Jun 30, 2025 06:51:00 -0400 by George Glover | #Media #Street Notes

Jefferies cited the improving outlook for Disney’s theme parks as one factor that can drive shares higher. (Arturo Holmes/Getty Images for Disney Dreamers Academy)

Walt Disney stock was rising in early trading Monday after receiving an upgrade from Jefferies, which is forecasting the entertainment company’s operating profit will rise by 10% next fiscal year after nearly a decade of sluggish growth.

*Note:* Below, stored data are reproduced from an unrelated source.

(* Let $\eta,\lambda>0$ with $\eta\lambda\le\tfrac12$, let $x(0)$ satisfy $\|x(0)\|_2^2\ge\pi^2\rho\eta$, and $x(t+1)=(1-\eta\lambda)x(t)-\eta\nabla L(x(t))$. Let $T_0=\left\lceil\frac{1}{2\eta\lambda}\ln\frac{2\|x(0)\|_2^2}{\rho\pi^2\eta}\right\rceil$. Then $$\min_{t=0,\ldots,T_0}\|\nabla L(\bar x(t))\|_2^2\le 8\pi^4\rho^2\lambda\eta .$$
   Context: $L:\mathbb{R}^d\setminus\{0\}\to\mathbb{R}$ is $C^2$ and scale invariant, i.e. $L(cx)=L(x)$ for all $c>0$, $x\ne0$. $\rho:=\max_{\|x\|_2=1}\|\nabla^2L(x)\|_2>0$ (spectral norm). For $x\neq0$, $\bar x:=x/\|x\|_2$. *)

theory Defs
  imports "HOL-Analysis.Analysis"
begin

end

theory Submission
  imports Defs
begin

(* Scale invariance makes gradL homogeneous of degree -1 and orthogonal to its argument, and
   hessL homogeneous of degree -2, so norm (hessL y) <= rho / norm y ^ 2; a second-order Taylor
   bound between a critical point of L on the unit sphere and any unit vector on its hemisphere
   then shows that L oscillates by at most 4 rho (this needs dimension >= 2, which holds as soon
   as some gradient is nonzero).
   Orthogonality gives the exact recursion
     norm (x (t+1))^2 = (1 - eta lam)^2 norm (x t)^2 + eta^2 norm (gradL (x t))^2.
   While norm (x t)^2 >= pi^2 rho eta the step is short compared with the local smoothness
   rho / norm (x t)^2, so L drops by 8/9 eta norm (gradL (x t))^2; the bounded oscillation caps
   the total gradient mass, and the geometric decay then forces norm (x t)^2 below pi^2 rho eta
   within T0 steps. At the last step k before that happens, norm (gradL of the normalized x k)^2
   = norm (x k)^2 norm (gradL (x k))^2 is controlled through the recursion. *)

lemma abs_diff_le_of_deriv_le_linear:
  fixes \<phi> \<phi>' :: "real \<Rightarrow> real"
  assumes deriv: "\<And>s. 0 \<le> s \<Longrightarrow> s \<le> 1 \<Longrightarrow> (\<phi> has_real_derivative \<phi>' s) (at s)"
    and bound: "\<And>s. 0 \<le> s \<Longrightarrow> s \<le> 1 \<Longrightarrow> \<bar>\<phi>' s\<bar> \<le> K * s"
  shows "\<bar>\<phi> 1 - \<phi> 0\<bar> \<le> K / 2"
proof -
  have "(\<lambda>s. \<phi> s - K * s ^ 2 / 2) 1 \<le> (\<lambda>s. \<phi> s - K * s ^ 2 / 2) 0"
  proof (rule DERIV_nonpos_imp_nonincreasing[of 0 1 "\<lambda>s. \<phi> s - K * s ^ 2 / 2"])
    fix s :: real assume s: "0 \<le> s" "s \<le> 1"
    have "((\<lambda>s. \<phi> s - K * s ^ 2 / 2) has_real_derivative \<phi>' s - K * s) (at s)"
      by (auto intro!: derivative_eq_intros deriv[OF s])
    then show "\<exists>y. ((\<lambda>s. \<phi> s - K * s ^ 2 / 2) has_real_derivative y) (at s) \<and> y \<le> 0"
      using bound[OF s] by (auto simp: abs_le_iff)
  qed simp
  moreover have "(\<lambda>s. \<phi> s + K * s ^ 2 / 2) 0 \<le> (\<lambda>s. \<phi> s + K * s ^ 2 / 2) 1"
  proof (rule DERIV_nonneg_imp_nondecreasing[of 0 1 "\<lambda>s. \<phi> s + K * s ^ 2 / 2"])
    fix s :: real assume s: "0 \<le> s" "s \<le> 1"
    have "((\<lambda>s. \<phi> s + K * s ^ 2 / 2) has_real_derivative \<phi>' s + K * s) (at s)"
      by (auto intro!: derivative_eq_intros deriv[OF s])
    then show "\<exists>y. ((\<lambda>s. \<phi> s + K * s ^ 2 / 2) has_real_derivative y) (at s) \<and> y \<ge> 0"
      using bound[OF s] by (auto simp: abs_le_iff)
  qed simp
  ultimately show ?thesis by (simp only: abs_le_iff) auto
qed
text \<open>Listing V as r 0, \<sigma> (r 0), r 1, \<sigma> (r 1), \<dots> for an enumeration r of a transversal
turns the pairs {x, \<sigma> x} into the non-edges {2a, 2a+1} of CP(m).\<close>

lemma bij_betw_pair_enumeration:
  fixes r :: "nat \<Rightarrow> 'a"
  assumes \<sigma>: "\<And>x. x \<in> V \<Longrightarrow> \<sigma> x \<in> V \<and> \<sigma> x \<noteq> x \<and> \<sigma> (\<sigma> x) = x"
    and R: "R \<subseteq> V" "\<And>x. x \<in> V \<Longrightarrow> \<sigma> x \<in> R \<longleftrightarrow> x \<notin> R" and r: "bij_betw r {..<m} R"
  shows "bij_betw (\<lambda>k. if even k then r (k div 2) else \<sigma> (r (k div 2))) {..<2 * m} V"
proof -
  define g where "g = (\<lambda>k. if even k then r (k div 2) else \<sigma> (r (k div 2)))"
  have r_in: "r a \<in> R" "r a \<in> V" if "a < m" for a
    using r R(1) that unfolding bij_betw_def by auto
  have g: "g k \<in> V" "g k \<in> R \<longleftrightarrow> even k" if "k < 2 * m" for k
    using r_in[of "k div 2"] R(2) \<sigma> that unfolding g_def by auto
  have "inj_on g {..<2 * m}"
  proof (rule inj_onI)
    fix k l assume k: "k \<in> {..<2 * m}" and l: "l \<in> {..<2 * m}" and gkl: "g k = g l"
    then have parity: "even k \<longleftrightarrow> even l" using g(2)[of k] g(2)[of l] by simp
    have "r (k div 2) = r (l div 2)"
    proof (cases "even k")
      case False
      then have "\<sigma> (\<sigma> (r (k div 2))) = \<sigma> (\<sigma> (r (l div 2)))"
        using gkl parity unfolding g_def by simp
      then show ?thesis using \<sigma>[OF r_in(2)[of "k div 2"]] \<sigma>[OF r_in(2)[of "l div 2"]] k l by simp
    qed (use gkl parity in \<open>simp add: g_def\<close>)
    then have "k div 2 = l div 2" using inj_on_eq_iff[OF bij_betw_imp_inj_on[OF r]] k l by simp
    with parity show "k = l" using div_2_eq_iff[of k l] by auto
  qed
  moreover have "V \<subseteq> g ` {..<2 * m}"
  proof
    fix x assume x: "x \<in> V"
    show "x \<in> g ` {..<2 * m}"
    proof (cases "x \<in> R")
      case True
      then obtain a where "a < m" "x = r a" using r unfolding bij_betw_def by auto
      then show ?thesis by (intro image_eqI[of _ _ "2 * a"]) (auto simp: g_def)
    next
      case False
      then obtain a where "a < m" "\<sigma> x = r a" using R(2)[OF x] r unfolding bij_betw_def by auto
      then show ?thesis using \<sigma>[OF x] by (intro image_eqI[of _ _ "2 * a + 1"]) (auto simp: g_def)
    qed
  qed
  moreover have "g ` {..<2 * m} \<subseteq> V" using g(1) by auto
  ultimately show ?thesis unfolding g_def[symmetric] bij_betw_def by blast
qed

Analyst Ed Alter raised his rating to Buy from Hold and hiked his price target to $144 from $100. The new target implies shares can climb about 17% from their level as of Friday’s close. The stock closed Friday at $122.34. It has risen nearly 10% this year. It climbed another 1.4% early Monday, likely powered higher by Jefferies’ upgrade. The benchmark S&P 500 was up 0.3%.

The House of Mouse has struggled to grow its operating income since 2016 due to headwinds including the decline of linear TV and losses for the company’s streaming division. “This dynamic is set to change,” Alter said in a research note published Monday.

Jefferies has turned more bullish on Disney’s Experiences division, which includes theme parks and cruise lines. The unit is well-positioned thanks to the looming launch of two more cruise ships, Alter said. He also expects Epic Universe, a theme park owned by NBCUniversal parent Comcast that opened last month, to soon “flip to an Orlando traffic tailwind”—reflecting the idea that Epic will draw even more holidaymakers to central Florida, where Disney’s flagship park is based.

Alter also is expecting profit margin for Disney’s direct-to-consumer streaming unit to climb to 13% by the end of the company‘s fiscal 2028, up from 0% now. He pointed to The Bear, Fantastic Four, Zootopia 2, and Avatar 3 as new releases that could also boost earnings.